Тихонько шептала молитвы акушерка. Светлело лицо у матери — она уже не видела уродства, видела лишь дитя, которому нужна забота и ее молоко. Задумчив становился отец — а затем, когда женщина подняла на него заплаканные глаза, и его лицо смягчилось.
Что же, Инлий Белый эту короткую жизнь проведет в большой, работящей семье, и будет у него и пища, и кров, и забота. И родители его — не плохие люди. Нищие только и необразованные. Но кто не бывал жестоким в пору сомнений, кто в мыслях не допускал страшное, такое, что и вспомнить о себе потом горько?
В зеркалах отражалась вся Тура — и продолжали боги пить амброзию, отдыхая
и наблюдая за своей планетой.С возвращением Корвина затих истерзанный двумя битвами континент Туна, из красного, пылающего, становясь черным. Медленно испарялись озера соленой воды, оставшиеся от призванного Сереной океана, рисуя на черном белые солевые разводы. И только посреди материка блестело лазурью озеро слез богини, оставшееся после старой битвы Иоанна и Корвина. Оно будет вечным окном памяти для богов.
Висела над богами и людьми черная луна, тоже напоминая о том, о чем не надо никогда забывать.
Разломы, прошедшие по всей Туре и затянувшиеся после сошествия анхель, выглядели сейчас черными шрамами — пройдет время, и они зарастут травой и лесами, и даже следа не останется.
И люди по всей планете, пережив ликование, как муравьи принялись разбирать завалы, восстанавливать все, что разрушено, помогать друг другу, варить еду. Женщины рожали детей, кормили детей, обнимали детей.

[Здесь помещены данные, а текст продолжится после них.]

lemma sets_Collect_sigma_sources:
  "Measurable.pred (sigma_sources P) Q \<Longrightarrow> {\<omega>\<in>space M. Q \<omega>} \<in> sets (sigma_sources P)"
  by (simp add: pred_def)

lemma indep_sets_sigma_sources:
  assumes "disjoint_family_on G J" "(\<Union>j\<in>J. G j) \<subseteq> sources"
  shows "indep_sets (\<lambda>j. sets (sigma_sources (G j))) J"
proof -
  have "indep_sets source_sets sources"
    using indep unfolding sources_def source_sets_def[abs_def] .
  moreover have "Int_stable (source_sets i)" for i
    by (cases i) (simp_all only: source_sets_def source.case Int_stable_vimage)
  ultimately show ?thesis unfolding sets_sigma_sources
    by (intro indep_sets_collect_sigma[OF indep_sets_mono_index[OF assms(2)] _ assms(1)])
qed

lemma indep_set_sigma_sources:
  assumes "P \<subseteq> sources" "Q \<subseteq> sources" "P \<inter> Q = {}"
  shows "indep_set (sets (sigma_sources P)) (sets (sigma_sources Q))"
proof -
  have "indep_sets (\<lambda>j. sets (sigma_sources (case_bool P Q j))) UNIV"
    by (rule indep_sets_sigma_sources) (use assms in \<open>auto simp: disjoint_family_on_def split: bool.splits\<close>)
  then show ?thesis unfolding indep_set_def
    by (rule indep_sets_cong[THEN iffD1, rotated -1]) (auto split: bool.splits)
qed

lemma prob_Int_sigma_sources:
  assumes "P \<subseteq> sources" "Q \<subseteq> sources" "P \<inter> Q = {}"
    and "a \<in> sets (sigma_sources P)" "b \<in> sets (sigma_sources Q)"
  shows "prob (a \<inter> b) = prob a * prob b"
  using indep_setD[OF indep_set_sigma_sources[OF assms(1-3)] assms(4,5)] .

lemma prob_X_and_Y_le:
  assumes "f \<in> E"
  shows "prob {\<omega>\<in>space M. X f \<omega> \<and> Y f \<omega> \<le> s} = p f * prob {\<omega>\<in>space M. Y f \<omega> \<le> s}"
proof -
  note [measurable] = X_measurable_sigma_sources[of f "{SrcX f}"] Y_measurable_sigma_sources[of f "{SrcY f}"]
  have "{\<omega>\<in>space M. X f \<omega>} \<in> sets (sigma_sources {SrcX f})"
    "{\<omega>\<in>space M. Y f \<omega> \<le> s} \<in> sets (sigma_sources {SrcY f})"
    by (intro sets_Collect_sigma_sources; measurable)+
  then have "prob ({\<omega>\<in>space M. X f \<omega>} \<inter> {\<omega>\<in>space M. Y f \<omega> \<le> s})
      = prob {\<omega>\<in>space M. X f \<omega>} * prob {\<omega>\<in>space M. Y f \<omega> \<le> s}"
    by (intro prob_Int_sigma_sources) (use assms in \<open>auto simp: sources_def\<close>)
  moreover have "{\<omega>\<in>space M. X f \<omega>} \<inter> {\<omega>\<in>space M. Y f \<omega> \<le> s} = {\<omega>\<in>space M. X f \<omega> \<and> Y f \<omega> \<le> s}"
    by auto
  ultimately show ?thesis using X_prob assms by simp
qed

definition rivals :: "'v set set" where
  "rivals = delta_e E e"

— Как хорошо, что жизнь продолжается, — прошумела Серена с умиротворением и печалью. — Я потеряла свою любимую дочь, но она ушла в море на крыльях славы такой, какой не было еще в доме Таласиос Эфимония. Как и твой сын, Ши. Хорошо, что у нас с тобой есть ростки, которые не дадут пасть древу. Будет кому возделывать наши земли дальше.

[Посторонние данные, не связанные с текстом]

text \<open>Split the weak colourings \<phi> of \<open>H\<^sub>\<bullet>G\<close> by whether \<open>v\<close> gets the colour of the apex \<open>w\<close>.
  If \<open>\<phi> v \<noteq> \<phi> w\<close>, every edge \<open>{u, v, w}\<close> is already non-monochromatic, so \<phi> is an arbitrary
  weak colouring of \<open>H\<^sub>\<bullet>(G - v)\<close> together with one of \<open>\<lambda> - 1\<close> colours for \<open>v\<close>.
  If \<open>\<phi> v = \<phi> w\<close>, the edge \<open>{u, v, w}\<close> forces \<open>\<phi> u \<noteq> \<phi> w\<close> for each neighbour \<open>u\<close>, which already
  settles every edge meeting \<open>N[v]\<close>; so \<phi> is a weak colouring of \<open>H\<^sub>\<bullet>(G - N[v])\<close> together with
  \<open>\<lambda> - 1\<close> choices for each of the \<open>d(v)\<close> neighbours.\<close>

lemma card_image_gt_1_iff:
  assumes "finite S" and "a \<in> S"
  shows "1 < card (f ` S) \<longleftrightarrow> (\<exists>x\<in>S. f x \<noteq> f a)"
proof -
  have "\<not> 1 < card (f ` S) \<longleftrightarrow> (\<forall>y\<in>f ` S. \<forall>z\<in>f ` S. y = z)"
    using assms(1) by (simp add: not_less card_le_Suc0_iff_eq)
  also have "\<dots> \<longleftrightarrow> (\<forall>x\<in>S. f x = f a)"
    using assms(2) by (metis image_iff)
  finally show ?thesis by blast
qed

lemma card_dependent_extensions:
  assumes disj: "A \<inter> X = {}" and "finite X" and "finite T" and T_ext: "T \<subseteq> extensional A"
    and "\<And>\<psi> x. \<psi> \<in> T \<Longrightarrow> x \<in> X \<Longrightarrow> finite (D \<psi> x)"
    and "\<And>\<psi> x. \<psi> \<in> T \<Longrightarrow> x \<in> X \<Longrightarrow> card (D \<psi> x) = k x"
  shows "card {\<phi> \<in> extensional (A \<union> X). restrict \<phi> A \<in> T \<and> (\<forall>x\<in>X. \<phi> x \<in> D (restrict \<phi> A) x)}
           = card T * (\<Prod>x\<in>X. k x)"
    (is "card ?S = _")
proof -
  let ?split = "\<lambda>\<phi>. (restrict \<phi> A, restrict \<phi> X)"
  let ?merge = "\<lambda>(\<psi>, g) x. if x \<in> A then \<psi> x else g x"
  have "bij_betw ?split ?S (Sigma T (\<lambda>\<psi>. PiE X (D \<psi>)))"
  proof (rule bij_betwI[where g = ?merge])
    have merge_on_A: "restrict (?merge (\<psi>, g)) A = \<psi>" if "\<psi> \<in> T" for \<psi> g
      using that T_ext by (auto simp: extensional_def fun_eq_iff)
    have merge_on_X: "restrict (?merge (\<psi>, g)) X = g" if "g \<in> PiE X (D \<psi>)" for \<psi> g
      using that disj by (auto simp: PiE_iff extensional_def fun_eq_iff)
    show "?merge \<in> Sigma T (\<lambda>\<psi>. PiE X (D \<psi>)) \<rightarrow> ?S"
    proof
      fix y assume "y \<in> Sigma T (\<lambda>\<psi>. PiE X (D \<psi>))"
      then obtain \<psi> g where y: "y = (\<psi>, g)" "\<psi> \<in> T" "g \<in> PiE X (D \<psi>)" by blast
      then show "?merge y \<in> ?S"
        using merge_on_A disj by (auto simp: PiE_iff extensional_def)
    qed
    show "?merge (?split \<phi>) = \<phi>" if "\<phi> \<in> ?S" for \<phi>
      using that by (auto simp: extensional_def)
    show "?split (?merge y) = y" if "y \<in> Sigma T (\<lambda>\<psi>. PiE X (D \<psi>))" for y
      using that merge_on_A merge_on_X by auto
  qed auto
  then have "card ?S = card (Sigma T (\<lambda>\<psi>. PiE X (D \<psi>)))"
    by (rule bij_betw_same_card)
  also have "\<dots> = (\<Sum>\<psi>\<in>T. \<Prod>x\<in>X. k x)"
    using assms by (simp add: card_SigmaI finite_PiE card_PiE)
  finally show ?thesis by simp
qed

lemma finite_weak_colourings: "finite Vh \<Longrightarrow> finite (weak_colourings Vh Eh lam)"
  unfolding weak_colourings_def by (rule finite_subset[OF _ finite_PiE[of Vh "\<lambda>_. {1..lam}"]]) auto

lemma weak_colourings_bullet_iff:
  assumes "\<forall>e\<in>E. finite e"
  shows "\<phi> \<in> weak_colourings (hbullet_V V) (hbullet_E E) lam \<longleftrightarrow>
           \<phi> \<in> hbullet_V V \<rightarrow>\<^sub>E {1..lam} \<and> (\<forall>e\<in>E. \<exists>x\<in>e. \<phi> (Some x) \<noteq> \<phi> None)"
proof -
  have "1 < card (\<phi> ` insert None (Some ` e)) \<longleftrightarrow> (\<exists>x\<in>e. \<phi> (Some x) \<noteq> \<phi> None)"
    if "e \<in> E" for e
    using card_image_gt_1_iff[of "insert None (Some ` e)" None \<phi>] assms that by auto
  then show ?thesis
    by (auto simp: weak_colourings_def hbullet_E_def)
qed

lemma restrict_in_weak_colourings_bullet_iff:
  assumes "\<forall>e\<in>E. e \<subseteq> V \<and> finite e"
  shows "restrict \<phi> (hbullet_V V) \<in> weak_colourings (hbullet_V V) (hbullet_E E) lam \<longleftrightarrow>
           (\<forall>x\<in>hbullet_V V. \<phi> x \<in> {1..lam}) \<and> (\<forall>e\<in>E. \<exists>x\<in>e. \<phi> (Some x) \<noteq> \<phi> None)"
proof -
  have "restrict \<phi> (hbullet_V V) (Some x) = \<phi> (Some x)" if "x \<in> e" "e \<in> E" for x e
    using that assms by (auto simp: hbullet_V_def)
  moreover have "restrict \<phi> (hbullet_V V) None = \<phi> None"
    by (simp add: hbullet_V_def)
  ultimately show ?thesis
    using assms by (simp add: weak_colourings_bullet_iff PiE_iff)
qed

lemma simple_graph_del_E_edges:
  "simple_graph V E \<Longrightarrow> \<forall>e\<in>del_E E S. e \<subseteq> V - S \<and> finite e"
  by (auto simp: simple_graph_def del_E_def card_ge_0_finite)

lemma card_weak_colourings_bullet_apex_differs:
  assumes G: "simple_graph V E" and "v \<in> V"
  shows "card {\<phi> \<in> weak_colourings (hbullet_V V) (hbullet_E E) lam. \<phi> (Some v) \<noteq> \<phi> None}
           = P_bullet (del_V V {v}) (del_E E {v}) lam * (lam - 1)"
proof -
  let ?A = "hbullet_V (V - {v})"
  let ?T = "weak_colourings ?A (hbullet_E (del_E E {v})) lam"
  have edges: "\<forall>e\<in>E. e \<subseteq> V \<and> finite e" and fin_V: "finite V"
    using G by (auto simp: simple_graph_def card_ge_0_finite)
  have A: "?A \<union> {Some v} = hbullet_V V" "None \<in> ?A" "Some v \<notin> ?A"
    using \<open>v \<in> V\<close> by (auto simp: hbullet_V_def)
  have "{\<phi> \<in> weak_colourings (hbullet_V V) (hbullet_E E) lam. \<phi> (Some v) \<noteq> \<phi> None}
      = {\<phi> \<in> extensional (?A \<union> {Some v}). restrict \<phi> ?A \<in> ?T \<and>
           (\<forall>x\<in>{Some v}. \<phi> x \<in> {1..lam} - {restrict \<phi> ?A None})}"
    (is "?S = ?R")
  proof (rule set_eqI)
    fix \<phi> :: "'a option \<Rightarrow> nat"
    have S_iff: "\<phi> \<in> ?S \<longleftrightarrow> \<phi> \<in> extensional (hbullet_V V) \<and> (\<forall>x\<in>hbullet_V V. \<phi> x \<in> {1..lam}) \<and>
        (\<forall>e\<in>E. \<exists>x\<in>e. \<phi> (Some x) \<noteq> \<phi> None) \<and> \<phi> (Some v) \<noteq> \<phi> None"
      using edges by (auto simp: weak_colourings_bullet_iff PiE_iff)
    have R_iff: "\<phi> \<in> ?R \<longleftrightarrow> \<phi> \<in> extensional (hbullet_V V) \<and> (\<forall>x\<in>?A. \<phi> x \<in> {1..lam}) \<and>
        (\<forall>e\<in>del_E E {v}. \<exists>x\<in>e. \<phi> (Some x) \<noteq> \<phi> None) \<and> \<phi> (Some v) \<in> {1..lam} - {\<phi> None}"
      using A simple_graph_del_E_edges[OF G, of "{v}"]
      by (simp add: restrict_in_weak_colourings_bullet_iff)
    have range_iff: "(\<forall>x\<in>hbullet_V V. \<phi> x \<in> {1..lam}) \<longleftrightarrow>
                   (\<forall>x\<in>?A. \<phi> x \<in> {1..lam}) \<and> \<phi> (Some v) \<in> {1..lam}"
      using A(1) by blast
    show "\<phi> \<in> ?S \<longleftrightarrow> \<phi> \<in> ?R"
    proof (cases "\<phi> (Some v) = \<phi> None")
      case False
      then have edges_iff: "(\<forall>e\<in>E. \<exists>x\<in>e. \<phi> (Some x) \<noteq> \<phi> None) \<longleftrightarrow>
          (\<forall>e\<in>del_E E {v}. \<exists>x\<in>e. \<phi> (Some x) \<noteq> \<phi> None)"
        by (auto simp: del_E_def)
      show ?thesis
        unfolding S_iff R_iff range_iff edges_iff using False by auto
    qed (use S_iff R_iff in blast)
  qed
  also have "card \<dots> = card ?T * (\<Prod>x\<in>{Some v}. lam - 1)"
  proof (rule card_dependent_extensions)
    show "finite ?T"
      using fin_V by (intro finite_weak_colourings) (simp add: hbullet_V_def)
    show "card ({1..lam} - {\<psi> None}) = lam - 1" if "\<psi> \<in> ?T" for \<psi>
      using that A simple_graph_del_E_edges[OF G, of "{v}"]
      by (simp add: weak_colourings_bullet_iff PiE_iff)
  qed (use A in \<open>auto simp: weak_colourings_def PiE_iff\<close>)
  finally show ?thesis by (simp add: P_bullet_def hchrom_def del_V_def)
qed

— Мне жаль, что моим детям пришлось убивать ваших, — проговорил Корвин. Сейчас он выглядел как рыжеволосый и рыжебородый мужчина, но сквозь это лицо просвечивала его суть. — Мне жаль, что моим детям пришлось брать на себя этот грех. Простите ли вы их за это?
— Мы все знаем, что они исполняли предначертанное, — печально сказала богиня и остальные кивнули. — Не они виноваты, а мы, что допустили то, что другого выхода нет. Не за что их прощать. Однако почти все они мертвы из-за проклятья моей дочери, и следующая жизнь их будет тяжела.
— Теперь, когда мы все здесь, Тура станет устойчивей. Однако надо, чтобы скорее опустевшие троны были заняты, — заметил Хозяин Лесов, который все поглаживал медвежонка за пазухой, почесывал ему, дремлющему, холку.
— Моя дочь еще слишком мала для инициации, — покачала головой Серена, — до первой крови еще шесть лет. Но Туна теперь мирна и остальные материки защищены от цунами, так что планета это переживет. Тем более, что старший тигр готов короноваться хоть завтра.
Желтый изящно склонил голову, подтверждая сказанное.
— Мой сын вступит в силу и наденет корону в ближайшие дни. Но для равновесия надо бы, чтобы и белый трон оказался занят, — заметил он. — Жаль, что Инлий не увидит коронации его сына. А она обещает быть интересной. И как бы не потребовала личного его присутствия. Придется кому-то из нас встать вместо брата гарантом коронации.
— Я прослежу, — пообещал Черный. — Белый брат приглядывал за моими землями все это время, разве я не сделаю для него такую малость?
И они все посмотрели в зеркало, показывающее корону Инландеров из белого золота, тихо ждущую в часовне своего часа.
— А ты, брат, — проговорил Красный, глядя на Жреца, — сам коронуешься в Блакории? Пока ты одновременно и смертный, и бог?
Все задумчиво глянули туда, где высился старый дворец Гёттенхольдов.
— Белый брат так берег мои земли, — повторил Ворон, — а я, признаюсь, уже не ощущаю их своими. Мой полоз погиб, моя сила над Блакорией рассеялась. Я знаю там каждый холм и каждую речку, но они уже не мои. Да и будет кому взять две белых короны, правда, братья и сестра? — он усмехнулся. — Кто я, чтобы игнорировать знаки судьбы?